Kazui et al (6) found in their series that infarction localized to the anterior cerebral distribution was attributable most commonly to local atherothrombosis and occasionally to cardiogenic embolism. They also postulate that a hypoplastic A1 segment may facilitate the occurrence of embolism in the anterior cerebral artery distribution. MR angiography performed in one of the patients in our series (case 2) showed small anterior cerebral arteries relative to the other cerebral vessels. This was of uncertain etiology. Although stenosis was considered, no conventional angiogram was obtained.

Chrysikopoulos et al (4) found that the splenium of the corpus callosum was affected more often than was the body and genu. They attributed this to the greater incidence of posterior cerebral artery infarcts compared with anterior cerebral artery infarcts. In our series, all of the lesions involved the genu, body, or both, whereas none involved the splenium. The difference in the location of the infarcts in our study, as compared with that reported by Chrysikopoulos et al, may be due to the difference in the patient population; ie, patients with diabetes and hypertension develop generalized atherosclerosis, which in turn increases the incidence of anterior circulation infarction. Isolated anterior cerebral artery infarcts are rare, accounting for 0.6% of all cerebral infarcts (6). Chrysikopoulos et al (4) found evidence of hemorrhage in about 25% of their cases, whereas there was no evidence of hemorrhage in any of our cases. Thus, the presence of hemorrhage may suggest infarct, but the absence of hemorrhage should not exclude the diagnosis. Infarcts of the corpus callosum may exhibit a variable degree of mass effect. Mass effect is commonly seen in stroke, but when it occurs in a region such as the corpus callosum where stroke is often not considered, it suggests other entities that would require biopsy. Enhancement is often seen by the end of the 1st week and can persist for many weeks (7, 8). In many of our cases, the abnormal signal intensity or enhancement or both crossed the midline, unusual for infarct but not for tumor.

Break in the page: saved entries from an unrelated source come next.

lemma simple_path_via_link:
  assumes w: "\<forall>e\<in>E. 0 \<le> w e"
    and "is_walk V E s x a" "(x, y) \<in> E" "is_walk V E y t d"
  shows "\<exists>\<rho>\<in>simple_paths V E s t. \<rho> \<subseteq> insert (x, y) (links_of a \<union> links_of d) \<and>
           path_weight w \<rho> \<le> walk_weight w a + w (x, y) + walk_weight w d"
proof -
  have ne: "a \<noteq> []" "d \<noteq> []" and ends: "last a = x" "hd d = y"
    using assms(2,4) by (auto simp: is_walk_def)
  have "is_walk V E s t (a @ d)"
    using is_walk_append_iff[OF ne] assms(2-4) ends by simp
  then obtain \<rho> where \<rho>: "\<rho> \<in> simple_paths V E s t" "\<rho> \<subseteq> links_of (a @ d)"
      "path_weight w \<rho> \<le> walk_weight w (a @ d)"
    using simple_path_in_walk[OF w] by blast
  moreover have "links_of (a @ d) = insert (x, y) (links_of a \<union> links_of d)"
    "walk_weight w (a @ d) = walk_weight w a + w (x, y) + walk_weight w d"
    using links_of_append[OF ne] walk_weight_append[OF ne] ends by simp_all
  ultimately show ?thesis
    by auto
qed

lemma shortest_path_le_walk_weight:
  assumes "\<forall>e\<in>E. 0 \<le> w e" "\<sigma> \<in> shortest_paths V E w s t" "is_walk V E s t xs"
  shows "path_weight w \<sigma> \<le> walk_weight w xs"
proof -
  obtain \<pi> where "\<pi> \<in> simple_paths V E s t" "path_weight w \<pi> \<le> walk_weight w xs"
    using simple_path_in_walk[OF assms(1,3)] by blast
  with assms(2) show ?thesis
    unfolding shortest_paths_def by fastforce
qed

lemma shortest_path_segment_le:
  assumes w: "\<forall>e\<in>E. 0 \<le> w e"
    and \<sigma>: "links_of (xs @ tl b @ tl ys) \<in> shortest_paths V E w s t" "distinct (xs @ tl b @ tl ys)"
    and walks: "is_walk V E s u xs" "is_walk V E u v b" "is_walk V E v t ys"
    and detour: "is_walk V E u v c"
  shows "walk_weight w b \<le> walk_weight w c"
proof -
  have "walk_weight w xs + walk_weight w b + walk_weight w ys = walk_weight w (xs @ tl b @ tl ys)"
    using walk_splice(2)[OF walks] by simp
  also have "\<dots> = path_weight w (links_of (xs @ tl b @ tl ys))"
    using \<sigma>(2) by (simp add: path_weight_links_of_distinct)
  also have "\<dots> \<le> walk_weight w (xs @ tl c @ tl ys)"
    using shortest_path_le_walk_weight[OF w \<sigma>(1) walk_splice(1)[OF walks(1) detour walks(3)]] .
  also have "\<dots> = walk_weight w xs + walk_weight w c + walk_weight w ys"
    using walk_splice(2)[OF walks(1) detour walks(3)] .
  finally show ?thesis by simp
qed

lemma reroute_through_segment:
  assumes w: "\<forall>e\<in>E. 0 \<le> w e"
    and \<sigma>: "links_of (xs @ tl b @ tl ys) \<in> shortest_paths V E w s t" "distinct (xs @ tl b @ tl ys)"
      "is_walk V E s u xs" "is_walk V E u v b" "is_walk V E v t ys"
    and A: "is_walk V E s x A" "u \<in> set A"
    and D: "is_walk V E y t D" "v \<in> set D"
    and xy: "(x, y) \<in> E"
  shows "\<exists>\<rho>\<in>simple_paths V E s t. \<rho> \<subseteq> links_of A \<union> links_of b \<union> links_of D \<and>
           path_weight w \<rho> \<le> walk_weight w A + w (x, y) + walk_weight w D"
proof -
  obtain A1 A2 where A12: "A = A1 @ tl A2" "is_walk V E s u A1" "is_walk V E u x A2"
    using is_walk_split_at[OF A] .
  obtain D1 D2 where D12: "D = D1 @ tl D2" "is_walk V E y v D1" "is_walk V E v t D2"
    using is_walk_split_at[OF D] .
  have ne: "A2 \<noteq> []" "D1 \<noteq> []" and ends: "last A2 = x" "hd D1 = y"
    using A12 D12 by (auto simp: is_walk_def)
  have A_glue: "A1 \<noteq> []" "last A1 = hd A2" and D_glue: "D1 \<noteq> []" "last D1 = hd D2"
    using A12 D12 by (auto simp: is_walk_def)
  have "is_walk V E u v (A2 @ D1)"
    using is_walk_append_iff[OF ne] A12(3) D12(2) xy ends by simp
  then have "walk_weight w b \<le> walk_weight w (A2 @ D1)"
    by (rule shortest_path_segment_le[OF w \<sigma>])
  also have "\<dots> = walk_weight w A2 + w (x, y) + walk_weight w D1"
    using walk_weight_append[OF ne] ends by simp
  finally have b_le: "walk_weight w b \<le> walk_weight w A2 + w (x, y) + walk_weight w D1" .
  let ?new = "A1 @ tl b @ tl D2"
  obtain \<rho> where \<rho>: "\<rho> \<in> simple_paths V E s t" "\<rho> \<subseteq> links_of ?new"
      "path_weight w \<rho> \<le> walk_weight w ?new"
    using simple_path_in_walk[OF w walk_splice(1)[OF A12(2) \<sigma>(4) D12(3)]] by blast
  have "\<rho> \<subseteq> links_of A \<union> links_of b \<union> links_of D"
    using \<rho>(2) walk_splice(3)[OF A12(2) \<sigma>(4) D12(3)] A12(1) D12(1)
      links_of_glue[OF A_glue(1) ne(1) A_glue(2)] links_of_glue[OF D_glue(1) _ D_glue(2)] D12(3)
    by (auto simp: is_walk_def)
  moreover have "path_weight w \<rho> \<le> walk_weight w A + w (x, y) + walk_weight w D"
    using \<rho>(3) walk_splice(2)[OF A12(2) \<sigma>(4) D12(3)] b_le A12(1) D12(1)
      walk_weight_glue[OF A_glue(1) ne(1) A_glue(2)] walk_weight_glue[OF D_glue(1) _ D_glue(2)] D12(3)
    by (auto simp: is_walk_def)
  ultimately show ?thesis
    using \<rho>(1) by blast
qed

Clinically, infarcts of the corpus callosum are frequently associated with neuropsychiatric symptoms, mainly interhemispheric disconnection syndromes (9). In addition, specific syndromes such as dyspraxia contralateral to a paretic limb (10, 11) and alien hand syndrome (12, 13) have been reported, and an isolated gait disorder has been described in relation to lacunes in the anterior portion of the corpus callosum (12).

Conclusion

Infarcts of the corpus callosum are uncommon and have not been well documented in the radiologic literature. They may present atypically with slowly evolving and non-localizing signs and symptoms that are more suggestive of tumor. They may exhibit tumorlike enhancement and extend across the midline. Unnecessary biopsy can be avoided by understanding the varied clinical and radiologic features of infarcts of the corpus callosum and by using appropriate imaging studies, including diffusion-weighted imaging, perfusion imaging, and spectroscopy, if available, or MR angiography and follow-up examination. Diffusion-weighted imaging, perfusion imaging, and spectroscopy were not available at our institutions when these patients underwent imaging studies.